I am interested in the possibilities offered by the C# dynamic keyword, but I am facing unexpected issues.
If I create a default .NET 4.8 template in Visual Studio 2022...
This works:
dynamic obj = Marshal.GetActiveObject("Excel.Application");
obj.Workbooks.Add();
This works too:
object obj1 = Marshal.GetActiveObject("FancySoft.Application");
object obj2 = obj1.GetType().InvokeMember("FancyProperty", BindingFlags.GetProperty, null, obj1, null);
This fails with a System.Runtime.InteropServices.COMException: 'Error HRESULT E_FAIL has been returned from a call to a COM component.':
dynamic obj1 = Marshal.GetActiveObject("FancySoft.Application");
object obj2 = obj1.FancyProperty;
Finally, if I add a COM reference to FancySoft to my project, this works as expected:
var obj1 = (Application) Marshal.GetActiveObject("FancySoft.Application");
var obj2 = obj1.FancyProperty;
I have found an interesting discussion thread that suggests that a Vendor can intentionally restrict the use of the dynamic keyword in client applications.
In my case, the Vendor doesn't even officially support .NET-based automation scenario (although it is a common scenario in our industry) so I can't ask them for that type of information.
Have you seen this behavior elsewhere?
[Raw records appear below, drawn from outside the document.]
(* Let $\mu$ be a stationary ergodic process on $[0,1]^{\mathbb N}$. For every $m\in\mathbb N$, \[\lim_{n,\ell\to\infty}\alpha_n^{\ell}(m)=\alpha(m).\]
   Context: Setting: $\mathscr X=[0,1]$ with its Borel $\sigma$-algebra; a process is a probability measure $\mu$ on $\mathscr X^{\mathbb N}$ (product Borel $\sigma$-algebra), $X_t$ the $t$-th coordinate. For $\sigma$-subalgebras $\mathfrak U,\mathfrak V$, $\alpha(\mathfrak U,\mathfrak V):=\sup_{U\in\mathfrak U,V\in\mathfrak V}|\mu(U\cap V)-\mu(U)\mu(V)|$, and the $\alpha$-mixing coefficients are $\alpha(m):=\sup_{j\in\mathbb N}\alpha\big(\sigma(X_1,\dots,X_j),\sigma(X_t:t\ge j+m)\big)$, $m\in\mathbb N$. Dyadic sets: for $\ell\in\mathbb N$ let $I_{\ell,i}=[i2^{-\ell},(i+1)2^{-\ell})$, $i=0,\dots,2^\ell-1$ (last interval closed, so they partition $[0,1]$); $\Delta_{k,\ell}$ is the set of the $2^{k\ell}$ cubes $I_{\ell,i_1}\times\cdots\times I_{\ell,i_k}\subseteq[0,1]^k$, and $\mathcal D_{k,\ell}$ is the family of all unions of cubes in $\Delta_{k,\ell}$. For $m,\ell\in\mathbb N$, $n>m$, $j\in\{1,\dots,n-m\}$, $j':=n-m-j+1$: \[\alpha_{n,j}^{\ell}(m):=\max_{A\in\mathcal D_{j,\ell},\,B\in\mathcal D_{j',\ell}}\Big|\mu\big((X_1,\dots,X_j)\in A,\ (X_{j+m},\dots,X_n)\in B\big)-\mu\big((X_1,\dots,X_j)\in A\big)\mu\big((X_{j+m},\dots,X_n)\in B\big)\Big|,\] and $\alpha_n^{\ell}(m):=\max_{j\in\{1,\dots,n-m\}}\alpha_{n,j}^{\ell}(m)$. The limit is the joint limit as both $n$ and $\ell$ tend to infinity. *)

theory Defs
  imports "HOL-Probability.Probability"
begin

text \<open>A process is a probability measure on sequences \<open>\<omega> :: nat \<Rightarrow> real\<close>
  with values in [0,1]. The paper's coordinate \<open>X_t\<close> (t = 1,2,...) is \<open>\<omega> (t - 1)\<close>.\<close>

definition coord :: "nat \<Rightarrow> (nat \<Rightarrow> real) \<Rightarrow> real" where
  "coord t \<omega> = \<omega> (t - 1)"

definition seq_space :: "(nat \<Rightarrow> real) measure" where
  "seq_space = (\<Pi>\<^sub>M i\<in>UNIV. restrict_space borel {0..1::real})"

definition shift :: "(nat \<Rightarrow> real) \<Rightarrow> (nat \<Rightarrow> real)" where
  "shift \<omega> = (\<lambda>i. \<omega> (Suc i))"

definition stationary :: "(nat \<Rightarrow> real) measure \<Rightarrow> bool" where
  "stationary M \<longleftrightarrow> shift \<in> measurable M M \<and> distr M M shift = M"

definition ergodic :: "(nat \<Rightarrow> real) measure \<Rightarrow> bool" where
  "ergodic M \<longleftrightarrow> (\<forall>A\<in>sets M. shift -` A \<inter> space M = A \<longrightarrow> measure M A = 0 \<or> measure M A = 1)"

definition sigma_gen :: "(nat \<Rightarrow> real) measure \<Rightarrow> nat set \<Rightarrow> (nat \<Rightarrow> real) set set" where
  "sigma_gen M I = sigma_sets (space M)
     (\<Union>t\<in>I. {coord t -` B \<inter> space M | B. B \<in> sets borel})"

definition alpha_sigma :: "(nat \<Rightarrow> real) measure \<Rightarrow> (nat \<Rightarrow> real) set set \<Rightarrow> (nat \<Rightarrow> real) set set \<Rightarrow> real" where
  "alpha_sigma M U V = (SUP p\<in>U \<times> V.
      \<bar>measure M (fst p \<inter> snd p) - measure M (fst p) * measure M (snd p)\<bar>)"

definition alpha_mix :: "(nat \<Rightarrow> real) measure \<Rightarrow> nat \<Rightarrow> real" where
  "alpha_mix M m = (SUP j\<in>{1..}. alpha_sigma M (sigma_gen M {1..j}) (sigma_gen M {j+m..}))"

definition dyad :: "nat \<Rightarrow> nat \<Rightarrow> real set" where
  "dyad l i = (if i = 2^l - 1 then {real i / 2^l .. (real i + 1) / 2^l}
               else {real i / 2^l ..< (real i + 1) / 2^l})"

text \<open>Points of [0,1]^k are represented as functions on {1..k} (extensional).\<close>
definition dyad_cubes :: "nat \<Rightarrow> nat \<Rightarrow> (nat \<Rightarrow> real) set set" where
  "dyad_cubes k l = {(\<Pi>\<^sub>E q\<in>{1..k}. dyad l (c q)) | c. c \<in> {1..k} \<rightarrow>\<^sub>E {0..<2^l}}"

definition dyad_sets :: "nat \<Rightarrow> nat \<Rightarrow> (nat \<Rightarrow> real) set set" where
  "dyad_sets k l = {\<Union>C | C. C \<subseteq> dyad_cubes k l}"

definition block :: "nat \<Rightarrow> nat \<Rightarrow> (nat \<Rightarrow> real) \<Rightarrow> (nat \<Rightarrow> real)" where
  "block s k \<omega> = (\<lambda>q\<in>{1..k}. coord (s + q - 1) \<omega>)"

definition alpha_dyad_nj :: "(nat \<Rightarrow> real) measure \<Rightarrow> nat \<Rightarrow> nat \<Rightarrow> nat \<Rightarrow> nat \<Rightarrow> real" where
  "alpha_dyad_nj M l m n j =
     (let j' = n - m - j + 1;
          EA = (\<lambda>A. {\<omega>\<in>space M. block 1 j \<omega> \<in> A});
          EB = (\<lambda>B. {\<omega>\<in>space M. block (j + m) j' \<omega> \<in> B})
      in Max ((\<lambda>(A, B). \<bar>measure M (EA A \<inter> EB B) - measure M (EA A) * measure M (EB B)\<bar>)
               ` (dyad_sets j l \<times> dyad_sets j' l)))"

definition alpha_dyad :: "(nat \<Rightarrow> real) measure \<Rightarrow> nat \<Rightarrow> nat \<Rightarrow> nat \<Rightarrow> real" where
  "alpha_dyad M l m n = Max ((\<lambda>j. alpha_dyad_nj M l m n j) ` {1..n - m})"

end

(*
  The dyadic coefficient is a maximum of |P(U \<inter> V) - P(U) P(V)| over pairs of events
  determined by the level-l dyadic cells of (X_1, ..., X_j) and of (X_{j+m}, ..., X_n); these
  lie in the \<sigma>-algebras defining \<alpha>(m), so the dyadic coefficient never exceeds \<alpha>(m).
  Conversely, take (U, V) nearly attaining \<alpha>(m). The events determined by the dyadic cells of
  finitely many coordinates form increasing algebras generating \<sigma>(X_1, ..., X_j) and
  \<sigma>(X_t : t \<ge> j + m), so U and V are approximated in measure by such events, which are
  admissible once n and l are large; the gap |P(U \<inter> V) - P(U) P(V)| moves by at most twice
  the approximation errors.
*)

theory Submission
  imports Defs
begin

text \<open>The \<open>min\<close> puts \<open>x = 1\<close> into the last interval \<open>dyad l (2^l - 1)\<close>, which is closed.\<close>

definition dyad_index :: "nat \<Rightarrow> real \<Rightarrow> nat" where
  "dyad_index l x = min (nat \<lfloor>x * 2^l\<rfloor>) (2^l - 1)"

lemma dyad_index_less: "dyad_index l x < 2^l"
  unfolding dyad_index_def by (simp add: min.strict_coboundedI2)

lemma nat_two_power: "nat ((2::int)^l) = 2^l"
  by (metis nat_int of_nat_numeral of_nat_power)

lemma dyad_index_one: "dyad_index l 1 = 2^l - 1"
  unfolding dyad_index_def by (simp add: nat_two_power)

lemma dyad_index_eq_floor:
  assumes "0 \<le> x" "x < 1"
  shows "dyad_index l x = nat \<lfloor>x * 2^l\<rfloor>"
proof -
  have "\<lfloor>x * 2^l\<rfloor> < 2^l"
    using assms by (simp add: floor_less_iff)
  then have "nat \<lfloor>x * 2^l\<rfloor> < 2^l"
    using assms by (simp add: nat_less_iff)
  then show ?thesis
    unfolding dyad_index_def by linarith
qed
(* Let $(\widetilde M,\tilde p)$ be a non-compact model surface of revolution with metric $dt^2+f(t)^2d\theta^2$, where $f''(t)+G(t)f(t)=0$, $f(0)=0$, $f'(0)=1$. If $\widetilde M$ admits a finite total curvature $c(\widetilde M)<2\pi$, then the solution $m$ of $m''(t)+G_-(t)m(t)=0$ with $m(0)=0$, $m'(0)=1$, where $G_-:=\min\{G,0\}$, defines a non-compact model surface of revolution $(M^*,p^* )$ with metric $dt^2+m(t)^2d\theta^2$ which admits a finite total curvature.
   Context: A non-compact model surface of revolution is $\mathbb{R}^2$ with the metric $dt^2+h(t)^2d\theta^2$, where $(t,\theta)$ are polar coordinates about the origin and $h:(0,\infty)\to(0,\infty)$ extends to an odd function around $0$ with $h'(0)=1$; its Gauss curvature is $-h''/h$. The total curvature of a surface with Gauss curvature $G$ is $\int G_+\,dA+\int G_-\,dA$ ($G_+=\max\{G,0\}$, $G_-=\min\{G,0\}$, $dA=h(t)\,dt\,d\theta$), and it is finite if both integrals are finite. *)

theory Defs
  imports "HOL-Analysis.Analysis"
begin

definition C2 :: "(real \<Rightarrow> real) \<Rightarrow> bool" where
  "C2 h \<longleftrightarrow> (\<forall>t. h differentiable (at t)) \<and> (\<forall>t. deriv h differentiable (at t))
            \<and> continuous_on UNIV (deriv (deriv h))"

text \<open>Warping function of a non-compact model surface of revolution
  (metric dt^2 + h(t)^2 dtheta^2 on R^2, polar coordinates about the origin).
  The function h is given on all of R and required to be the odd extension:
  odd, positive on (0,inf), h'(0) = 1, twice continuously differentiable.\<close>
definition model_surface :: "(real \<Rightarrow> real) \<Rightarrow> bool" where
  "model_surface h \<longleftrightarrow> C2 h \<and> (\<forall>t. h (- t) = - h t) \<and> deriv h 0 = 1
      \<and> (\<forall>t>0. h t > 0)"

definition gauss_curv :: "(real \<Rightarrow> real) \<Rightarrow> real \<Rightarrow> real" where
  "gauss_curv h t = - deriv (deriv h) t / h t"

text \<open>Integrals of G_+ dA and G_- dA with dA = h dt dtheta, t in (0,inf),
  theta in [0,2pi); the theta-integration contributes the factor 2 pi.\<close>
definition pos_curv_integral :: "(real \<Rightarrow> real) \<Rightarrow> real" where
  "pos_curv_integral h = 2 * pi * (LINT t:{0<..}|lborel. max (gauss_curv h t) 0 * h t)"

definition neg_curv_integral :: "(real \<Rightarrow> real) \<Rightarrow> real" where
  "neg_curv_integral h = 2 * pi * (LINT t:{0<..}|lborel. min (gauss_curv h t) 0 * h t)"

definition finite_total_curvature :: "(real \<Rightarrow> real) \<Rightarrow> bool" where
  "finite_total_curvature h \<longleftrightarrow>
     set_integrable lborel {0<..} (\<lambda>t. max (gauss_curv h t) 0 * h t) \<and>
     set_integrable lborel {0<..} (\<lambda>t. min (gauss_curv h t) 0 * h t)"

definition total_curvature :: "(real \<Rightarrow> real) \<Rightarrow> real" where
  "total_curvature h = pos_curv_integral h + neg_curv_integral h"

end

theory Submission
  imports Defs
begin

(* Let f'' + G f = 0 describe a model surface whose total curvature c is finite and smaller
   than 2 pi, and let m solve the Jacobi equation m'' = q m for the negative part of the
   curvature, q = -min(G,0) >= 0, with m(0) = 0 and m'(0) = 1.

   1. Symmetry: f is odd, so G and q are even; by uniqueness for linear second order
      equations (a Gronwall energy estimate) m is then odd.
   2. Convexity: as q >= 0, m is positive on (0,inf), m' increases from 1, and m(t) <= t m'(t);
      together with 1. this makes m the warping function of a model surface.
   3. Integrating -f'' = K f gives f'(t) -> 1 - c/(2 pi) > 0 (a Cohn-Vossen type identity),
      hence f(t) >= c' t for large t and some c' > 0.
   4. Bounded slope: (ln m')' = q m / m' <= t q <= q f / c', and q f is integrable because the
      negative curvature part of f is; so m' is bounded on [0,inf).
   5. Finally q m = m'' >= 0 has the bounded primitive m', so q m is integrable: the surface of
      m, whose curvature is -q <= 0, has finite total curvature. *)

lemma C2_derivatives:
  assumes "C2 h"
  shows "(h has_real_derivative deriv h t) (at t)"
    and "(deriv h has_real_derivative deriv (deriv h) t) (at t)"
  using assms unfolding C2_def by (auto simp: DERIV_deriv_iff_real_differentiable)

lemma continuous_on_if_derivatives:
  assumes "\<And>t. (h has_real_derivative h' t) (at t)"
  shows "continuous_on UNIV h"
  using assms by (meson DERIV_isCont continuous_at_imp_continuous_on)

lemma has_real_derivative_imp_vector_derivative_within:
  "(F has_real_derivative d) (at x) \<Longrightarrow> (F has_vector_derivative d) (at x within S)"
  by (simp add: has_real_derivative_iff_has_vector_derivative has_vector_derivative_at_within)

lemma deriv_of_reflection_symmetric:
  assumes h_diff: "\<And>x. (h has_real_derivative deriv h x) (at x)"
    and sym: "\<And>x. h (- x) = s * h x"
  shows "deriv h (- t) = - s * deriv h t"
proof -
  have "((\<lambda>x. h (- x)) has_real_derivative - deriv h (- t)) (at t)"
    using h_diff[of "- t"] DERIV_mirror by blast
  moreover have "(\<lambda>x. h (- x)) = (\<lambda>x. s * h x)" using sym by auto
  ultimately have "((\<lambda>x. s * h x) has_real_derivative - deriv h (- t)) (at t)" by simp
  moreover have "((\<lambda>x. s * h x) has_real_derivative s * deriv h t) (at t)"
    using h_diff[of t] by (rule DERIV_cmult)
  ultimately show ?thesis using DERIV_unique by force
qed
lemma prefix_mech_move_le:
  fixes x :: "nat \<Rightarrow> real"
  assumes \<epsilon>: "0 < \<epsilon>" and i: "1 \<le> i" "i < k" and S: "S \<in> sets (answer_space k)"
  defines "x' \<equiv> x(i := x i - 1, Suc i := x (Suc i) + 1)"
  shows "measure (prefix_mech k \<epsilon> x) S \<le> exp \<epsilon> * measure (prefix_mech k \<epsilon> x') S"
    and "measure (prefix_mech k \<epsilon> x') S \<le> exp \<epsilon> * measure (prefix_mech k \<epsilon> x) S"
proof -
  have iI: "finite {1..<k}" "i \<in> {1..<k}" and b: "0 < 1 / \<epsilon>"
    using i \<epsilon> by auto
  have shift: "measure (prefix_mech k \<epsilon> y) S
      \<le> exp \<epsilon> * measure (distr (noise k \<epsilon>) (answer_space k) (\<lambda>\<eta>. prefix_answers k y (\<eta>(i := \<eta> i + c)))) S"
    if "\<bar>c\<bar> = 1" for y c
    using measure_distr_PiM_lap_shift_le[OF iI b measurable_prefix_answers[unfolded noise_def] S, where c=c] that
    by (simp add: prefix_mech_eq_distr noise_def)
  have "prefix_answers k x' = (\<lambda>\<eta>. prefix_answers k x (\<eta>(i := \<eta> i - 1)))"
    unfolding x'_def by (rule ext) (rule prefix_answers_move[OF i])
  then show "measure (prefix_mech k \<epsilon> x) S \<le> exp \<epsilon> * measure (prefix_mech k \<epsilon> x') S"
    using shift[of "-1" x] by (simp add: prefix_mech_eq_distr)
  have "prefix_answers k x' (\<eta>(i := \<eta> i + 1)) = prefix_answers k x \<eta>" for \<eta>
    by (simp add: x'_def prefix_answers_move[OF i])
  then show "measure (prefix_mech k \<epsilon> x') S \<le> exp \<epsilon> * measure (prefix_mech k \<epsilon> x) S"
    using shift[of 1 x'] by (simp add: prefix_mech_eq_distr)
qed

lemma blowfish_private_prefix_mech:
  "0 < \<epsilon> \<Longrightarrow> blowfish_private \<epsilon> (line_neighbors k) (prefix_mech k \<epsilon>)"
  unfolding blowfish_private_def line_neighbors_def
  using prefix_mech_move_le by (auto simp: prefix_mech_eq_distr)

text \<open>Each of the endpoints s_(l-1), s_r other than the exact s_0 and s_k carries a
  Lap(1/\<epsilon>) variable, of variance 2/\<epsilon>^2.\<close>
definition query_error :: "nat \<Rightarrow> real \<Rightarrow> nat \<Rightarrow> nat \<Rightarrow> real" where
  "query_error k \<epsilon> l r = (if l \<noteq> 1 then 2 / \<epsilon>\<^sup>2 else 0) + (if r \<noteq> k then 2 / \<epsilon>\<^sup>2 else 0)"

lemma integral_prefix_mech_query:
  assumes \<epsilon>: "0 < \<epsilon>" and q: "(l, r) \<in> range_queries k"
  shows "(\<integral>y. (range_query l r x - y (l, r))\<^sup>2 \<partial>prefix_mech k \<epsilon> x) = query_error k \<epsilon> l r"
proof -
  let ?I = "{1..<k}"
  have lr: "1 \<le> l" "l \<le> r" "r \<le> k"
    using q by (auto simp: range_queries_def)
  have "(\<lambda>y. (range_query l r x - y (l, r))\<^sup>2) \<in> borel_measurable (answer_space k)"
    unfolding answer_space_def using q by measurable
  then have "(\<integral>y. (range_query l r x - y (l, r))\<^sup>2 \<partial>prefix_mech k \<epsilon> x)
      = (\<integral>\<eta>. (range_query l r x - prefix_answers k x \<eta> (l, r))\<^sup>2 \<partial>noise k \<epsilon>)"
    unfolding prefix_mech_eq_distr by (rule integral_distr[OF measurable_prefix_answers])
  also have "\<dots> = (\<integral>\<eta>. (noise_at ?I \<eta> (l - 1) - noise_at ?I \<eta> r)\<^sup>2 \<partial>PiM ?I (\<lambda>_. lap (1 / \<epsilon>)))"
    unfolding noise_def using q lr
    by (intro Bochner_Integration.integral_cong refl)
      (simp add: prefix_answers_def noisy_prefix_eq_noise_at range_query_eq_prefix_sum_diff
        power2_commute[of "noise_at ?I _ (l - 1)"])
  also have "\<dots> = query_error k \<epsilon> l r"
    using \<epsilon> lr prob_space_lap[of "1 / \<epsilon>"] has_bochner_integral_lap_square[of "1 / \<epsilon>"]
      has_bochner_integral_lap_id[of "1 / \<epsilon>"]
    by (subst integral_PiM_noise_at_diff_square)
      (auto simp: has_bochner_integral_iff query_error_def power_one_over)
  finally show ?thesis .
qed

lemma finite_range_queries: "finite (range_queries k)"
  by (rule finite_subset[of _ "{1..k} \<times> {1..k}"]) (auto simp: range_queries_def)

lemma error_per_query_eq:
  "0 < \<epsilon> \<Longrightarrow> error_per_query k \<epsilon>
     = (\<Sum>q\<in>range_queries k. query_error k \<epsilon> (fst q) (snd q)) / real (card (range_queries k))"
proof -
  assume "0 < \<epsilon>"
  then have "(\<Sum>q\<in>range_queries k. \<integral>y. (range_query (fst q) (snd q) x - y q)\<^sup>2 \<partial>prefix_mech k \<epsilon> x)
      = (\<Sum>q\<in>range_queries k. query_error k \<epsilon> (fst q) (snd q))" for x
    by (intro sum.cong refl) (auto simp: integral_prefix_mech_query)
  then show ?thesis
    unfolding error_per_query_def by simp
qed

lemma error_per_query_bounds:
  assumes k: "2 \<le> k" and \<epsilon>: "0 < \<epsilon>"
  shows "1 / \<epsilon>\<^sup>2 \<le> error_per_query k \<epsilon>" "error_per_query k \<epsilon> \<le> 4 / \<epsilon>\<^sup>2"
proof -
  let ?R = "range_queries k"
  let ?E = "\<Sum>q\<in>?R. query_error k \<epsilon> (fst q) (snd q)"
  have whole: "(1, k) \<in> ?R" and "(1, 1) \<in> ?R"
    using k by (auto simp: range_queries_def)
  then have "card {(1::nat, k), (1, 1)} \<le> card ?R"
    by (intro card_mono[OF finite_range_queries]) auto
  then have card: "2 \<le> card ?R"
    using k by simp
  have "?E \<le> (\<Sum>q\<in>?R. 4 / \<epsilon>\<^sup>2)"
    by (intro sum_mono) (auto simp: query_error_def divide_right_mono)
  then show "error_per_query k \<epsilon> \<le> 4 / \<epsilon>\<^sup>2"
    using card \<epsilon> by (simp add: error_per_query_eq divide_le_eq mult.commute)
  \<comment> \<open>only the whole-domain query is answered exactly\<close>
  have "(\<Sum>q\<in>?R - {(1, k)}. 2 / \<epsilon>\<^sup>2) \<le> (\<Sum>q\<in>?R - {(1, k)}. query_error k \<epsilon> (fst q) (snd q))"
    by (intro sum_mono) (auto simp: query_error_def)
  also have "\<dots> \<le> ?E"
    using \<epsilon> by (intro sum_mono2 finite_range_queries) (auto simp: query_error_def)
  finally have "real (card ?R - 1) * (2 / \<epsilon>\<^sup>2) \<le> ?E"
    using whole finite_range_queries by simp
  moreover have "real (card ?R) * (1 / \<epsilon>\<^sup>2) \<le> real (card ?R - 1) * (2 / \<epsilon>\<^sup>2)"
    using card \<epsilon> by (simp add: of_nat_diff field_simps)
  ultimately have "real (card ?R) * (1 / \<epsilon>\<^sup>2) \<le> ?E"
    by linarith
  then show "1 / \<epsilon>\<^sup>2 \<le> error_per_query k \<epsilon>"
    using card \<epsilon> by (simp add: error_per_query_eq le_divide_eq mult.commute)
qed

theorem theorem5p2:
  shows "(\<forall>k \<ge> 1. \<forall>\<epsilon> > 0. blowfish_private \<epsilon> (line_neighbors k) (prefix_mech k \<epsilon>))
       \<and> (\<exists>c1 c2. 0 < c1 \<and> 0 < c2 \<and>
            (\<forall>k \<ge> 2. \<forall>\<epsilon> > 0.
               c1 / \<epsilon>\<^sup>2 \<le> error_per_query k \<epsilon> \<and> error_per_query k \<epsilon> \<le> c2 / \<epsilon>\<^sup>2))"
  using blowfish_private_prefix_mech error_per_query_bounds
  by (intro conjI exI[of _ 1] exI[of _ 4]) auto

end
Am I missing something? Is there any way to confirm that this behavior is intentional without asking the vendor? (By looking at the .TLB files, using some reflection tricks, etc.?)
dynamicmostly (it not entirely) usesIDispatch("aka late binding" which is name-based), and yes this is completely possible that it doesn't work. I doubt it's intentional, more a bad interface design, as demonstrated in other post stackoverflow.com/questions/77478817/…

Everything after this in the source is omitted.